Supreme Court Makes It More Difficult for Judges to Impose Sizable Criminal Fines

Supreme Court Makes It More Difficult for Judges to Impose Sizable Criminal Fines

In its just completed term, the Supreme Court limited the power of judges to enhance criminal fines in Southern Union Co. v. United States. Southern Union Co. had been convicted for storing liquid mercury without a permit in violation of the Resource Conservation and Recovery Act of 1976 (“RCRA”), a felony punishable by a fine of $50,000 for each day of the violation. The district court determined that the maximum fine was $38.1 million based on a storage period of more than two years as alleged by the indictment, but imposed a lesser fine of $6 million, plus a “community service obligation” of $12 million.

Southern Union Co. contested the fine at sentencing. The company argued that it would be unconstitutional for the district court to impose a fine above $50,000 because the trial judge had instructed the jury that it could find the natural gas distributor guilty if it had stored the liquid mercury without a permit for a single day. The defendant relied upon Apprendi v. New Jersey, 530 U.S. 446 (2000), which held that a jury must first find facts beyond a reasonable doubt that increase the maximum punishment.

The district court agreed that Apprendi did apply, but concluded that the jury had necessarily found that the violation endured for 762 days based on the “content and context” of the verdict form, which had stated that the approximate dates of the alleged violation spanned that period of time. The U.S. Court of Appeals for the First Circuit disagreed with the district court. It rejected the notion that the jury had necessarily found that the violation had endured for 762 days, but the First Circuit nevertheless upheld the $6 million fine because it also disagreed with the district court on the question whether Apprendi applied to criminal fines (the Court of Appeals determined that it did not). On appeal, the Supreme Court resolved a split in the Circuits on the question of whether Apprendi applies to fines, reversing the First Circuit and holding that it does.

Writing for the majority, Justice Sonia Sotomayor explained that Apprendi’s “core concern” is to preserve the jury’s “historic role as a bulwark between the State and the accused at the trial for an alleged offense.” Juries perform this function by deciding all facts that support the punishment imposed. This principle applies regardless whether the sentence is imprisonment or death as in Apprendi, or a criminal fine. Indeed, “[f]ines were by far the most common form of noncapital punishment in colonial America,” the Court noted, and “[t]hey are frequently imposed today, especially upon organizational defendants who cannot be imprisoned.”

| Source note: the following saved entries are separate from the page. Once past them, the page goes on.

lemma SO3_Euler_angles:
  assumes B: "B \<in> SO3"
  obtains a b c where "B = rot_z a ** rot_x b ** rot_z c"
proof -
  have "B$1$3 * B$1$3 + B$2$3 * B$2$3 + B$3$3 * B$3$3 = 1"
    using SO3_orthonormal_sums(1)[OF B, of 3 3] by (simp add: sum_3)
  then obtain a b where ab: "B$1$3 = sin a * sin b" "B$2$3 = - cos a * sin b" "B$3$3 = cos b"
    by (rule unit_vector_spherical_coordinates)
  define P where "P = rot_z a ** rot_x b"
  have P: "P \<in> SO3"
    unfolding P_def by (intro SO3_mult rot_z_in_SO3 rot_x_in_SO3)
  have "\<forall>k. P$k$3 = B$k$3"
    using ab unfolding P_def
    by (simp add: forall_3 rot_z_def rot_x_def matrix_matrix_mult_def sum_3)
  then have col3: "P$k$3 = B$k$3" for k
    by blast
  define C where "C = transpose P ** B"
  have C: "C \<in> SO3"
    unfolding C_def by (intro SO3_mult SO3_transpose P B)
  have "C$i$3 = (transpose P ** P)$i$3" for i
    unfolding C_def by (simp add: matrix_matrix_mult_def col3)
  then have "C$1$3 = 0" "C$2$3 = 0" "C$3$3 = 1"
    by (simp_all add: SO3_orthogonal[OF P] mat_def)
  then obtain c where c: "C = rot_z c"
    using SO3_fixing_axis_3_eq_rot_z[OF C] by blast
  have "B = (P ** transpose P) ** B"
    by (simp add: SO3_orthogonal[OF P])
  also have "\<dots> = rot_z a ** rot_x b ** rot_z c"
    by (simp add: P_def C_def matrix_mul_assoc flip: c)
  finally show thesis
    by (rule that)
qed

lemma continuous_on_matrix_mult [continuous_intros]:
  fixes A :: "'a::topological_space \<Rightarrow> real^'n^'m" and B :: "'a \<Rightarrow> real^'p^'n"
  assumes "continuous_on S A" "continuous_on S B"
  shows "continuous_on S (\<lambda>x. A x ** B x)"
  unfolding matrix_matrix_mult_def
  by (intro continuous_on_vec_lambda continuous_intros assms)

lemma continuous_on_transpose [continuous_intros]:
  fixes A :: "'a::topological_space \<Rightarrow> real^'n^'m"
  assumes "continuous_on S A"
  shows "continuous_on S (\<lambda>x. transpose (A x))"
  unfolding transpose_def
  by (intro continuous_on_vec_lambda continuous_intros assms)

lemma connected_SO3: "connected SO3"
proof -
  define euler where "euler = (\<lambda>(a, b, c). rot_z a ** rot_x b ** rot_z c)"
  have "SO3 \<subseteq> euler ` UNIV"
  proof
    fix B assume "B \<in> SO3"
    then obtain a b c where "B = rot_z a ** rot_x b ** rot_z c"
      by (rule SO3_Euler_angles)
    then show "B \<in> euler ` UNIV"
      unfolding euler_def by (auto intro!: image_eqI[where x = "(a, b, c)"])
  qed
  moreover have "euler ` UNIV \<subseteq> SO3"
    unfolding euler_def by (auto intro!: SO3_mult rot_z_in_SO3 rot_x_in_SO3)
  ultimately have "SO3 = euler ` UNIV"
    by blast
  moreover have "continuous_on UNIV euler"
    unfolding euler_def case_prod_beta
    by (intro continuous_intros continuous_on_compose2[OF continuous_on_rot_z]
        continuous_on_compose2[OF continuous_on_rot_x]) auto
  ultimately show ?thesis
    by (metis connected_UNIV connected_continuous_image)
qed

lemma continuous_coset_selection_eq_right_translation:
  assumes "connected S" "S \<subseteq> SO3" "finite G" "continuous_on S F"
    and F_coset: "\<And>R. R \<in> S \<Longrightarrow> F R \<in> pG G R"
  obtains A where "\<And>R. R \<in> S \<Longrightarrow> F R = R ** A"
proof -
  define h where "h R = transpose R ** F R" for R
  have F_eq: "F R = R ** h R" if "R \<in> S" for R
    using \<open>S \<subseteq> SO3\<close> that by (simp add: h_def SO3_orthogonal subsetD matrix_mul_assoc)
  have "h R \<in> G" if R: "R \<in> S" for R
  proof -
    obtain A where "A \<in> G" "F R = R ** A"
      using F_coset[OF R] unfolding pG_def by blast
    then show ?thesis
      using \<open>S \<subseteq> SO3\<close> R by (simp add: h_def SO3_orthogonal subsetD matrix_mul_assoc)
  qed
  then have "finite (h ` S)"
    using \<open>finite G\<close> by (auto intro: finite_subset)
  moreover have "connected (h ` S)"
    unfolding h_def
    by (intro connected_continuous_image continuous_intros assms(1,4))
  ultimately obtain A where "h ` S \<subseteq> {A}"
    using connected_finite_iff_sing by (metis empty_subsetI order_refl)
  then show thesis
    by (intro that[of A]) (auto simp: F_eq)
qed

lemma no_continuous_coset_invariant_selection:
  assumes G: "subgroup_SO3 G" "finite G" "G \<noteq> {mat 1}"
    and F_cont: "continuous_on SO3 F"
    and F_coset: "\<And>R. R \<in> SO3 \<Longrightarrow> F R \<in> pG G R"
    and F_invariant: "\<And>R S. R \<in> SO3 \<Longrightarrow> S \<in> SO3 \<Longrightarrow> pG G R = pG G S \<Longrightarrow> F R = F S"
  shows False
proof -
  have G_SO3: "G \<subseteq> SO3" and "mat 1 \<in> G"
    using G(1) unfolding subgroup_SO3_def by auto
  obtain A where A: "\<And>R. R \<in> SO3 \<Longrightarrow> F R = R ** A"
    using continuous_coset_selection_eq_right_translation[OF connected_SO3 order_refl G(2)
        F_cont F_coset] by blast
  obtain B where B: "B \<in> G" "B \<noteq> mat 1"
    using G(3) \<open>mat 1 \<in> G\<close> by blast
  have "B ** A = F B"
    using A B(1) G_SO3 by (simp add: subsetD)
  also have "\<dots> = F (mat 1)"
    using B(1) G_SO3 mat_1_in_SO3 pG_of_mem[OF G(1) B(1)] pG_mat_1 by (auto intro: F_invariant)
  also have "\<dots> = mat 1 ** A"
    using A mat_1_in_SO3 by simp
  finally have "B ** A = mat 1 ** A" .
  moreover have "A \<in> SO3"
    using F_coset[OF mat_1_in_SO3] A[OF mat_1_in_SO3] G_SO3 by (auto simp: pG_mat_1)
  ultimately have "B = mat 1"
    using SO3_mult_right_cancel by blast
  with B(2) show False ..
qed

theorem corollary10:
  fixes G :: "(real^3^3) set" and g :: "real^3^3 \<Rightarrow> real^'n"
  assumes "subgroup_SO3 G" and "finite G" and "G \<noteq> {mat 1}"
    and "embedding_map SO3_top euclidean g"
  shows "\<not> (\<exists>f. continuous_map (SO3_mod G) (subtopology euclidean (g ` SO3)) f \<and>
               (\<forall>\<R>\<in>topspace (SO3_mod G). pG G (inv_into SO3 g (f \<R>)) = \<R>))"
proof (intro notI, elim exE conjE)
  fix f
  assume f_cont: "continuous_map (SO3_mod G) (subtopology euclidean (g ` SO3)) f"
    and f_section: "\<forall>\<R>\<in>topspace (SO3_mod G). pG G (inv_into SO3 g (f \<R>)) = \<R>"
  have pG_cont: "continuous_map SO3_top (SO3_mod G) (pG G)"
    unfolding SO3_mod_def by (rule continuous_map_quotient_topology)
  have inv_cont: "continuous_map (subtopology euclidean (g ` SO3)) SO3_top (inv_into SO3 g)"
    using continuous_map_inv_into_embedding[OF assms(4)] by (simp add: SO3_top_def)
  define F where "F = inv_into SO3 g \<circ> (f \<circ> pG G)"
  have "continuous_map SO3_top SO3_top F"
    unfolding F_def by (rule continuous_map_compose[OF continuous_map_compose[OF pG_cont f_cont] inv_cont])
  moreover have "pG G (F R) = pG G R" if "R \<in> SO3" for R
    using f_section pG_cont that unfolding F_def by (auto simp: SO3_top_def continuous_map_def)
  moreover have "mat 1 \<in> G"
    using assms(1) unfolding subgroup_SO3_def by blast
  ultimately show False
    using mem_pG_self
    by (intro no_continuous_coset_invariant_selection[OF assms(1-3), of F])
      (auto simp: SO3_top_def F_def)
qed

end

But the majority placed limits on its holding. “[W]here a fine is so insubstantial that the underlying offense is considered ‘petty,’” the Court observed, “the Sixth Amendment right of jury trial is not triggered and no Apprendi issue arises.” Nevertheless, “not all fines are insubstantial, and not all offenses punishable by fines are petty.”

The dissent – authored by Justice Stephen Breyer and joined by Justices Anthony Kennedy and Samuel Alito – protested that “the Sixth Amendment permits a sentencing judge to determine sentencing facts . . . .” Facts supporting a fine are “facts that are not elements of the crime but are relevant only to the amount of the fine the judge will impose.” In the present case, the statute itself considered the number of storage days to be a sentencing fact, relevant only “upon conviction.” The dissent posited that the Court’s holding ultimately “will lead to increased problems of unfairness in the administration of our criminal justice system.” Not only will sentencing be more inconsistent, but parties will be “nudg[ed]” toward plea bargains in the face of complex jury trial requirements.

Some commentators have asked whether this decision will matter. After all, 97 percent of federal convictions result from a guilty plea and, moreover, very few companies go to trial. Although it is true that companies rarely seek jury trials, the Supreme Court’s decision in Southern Union Co. will make the prosecutor’s job more difficult. Instead of having to prove just a single statutory violation (to which a sizable monetary punishment could have previously attached), a prosecutor now has to prove additional facts to support the financial penalty the government intends to seek. This additional burden may provide companies with more bargaining power at the plea negotiation table.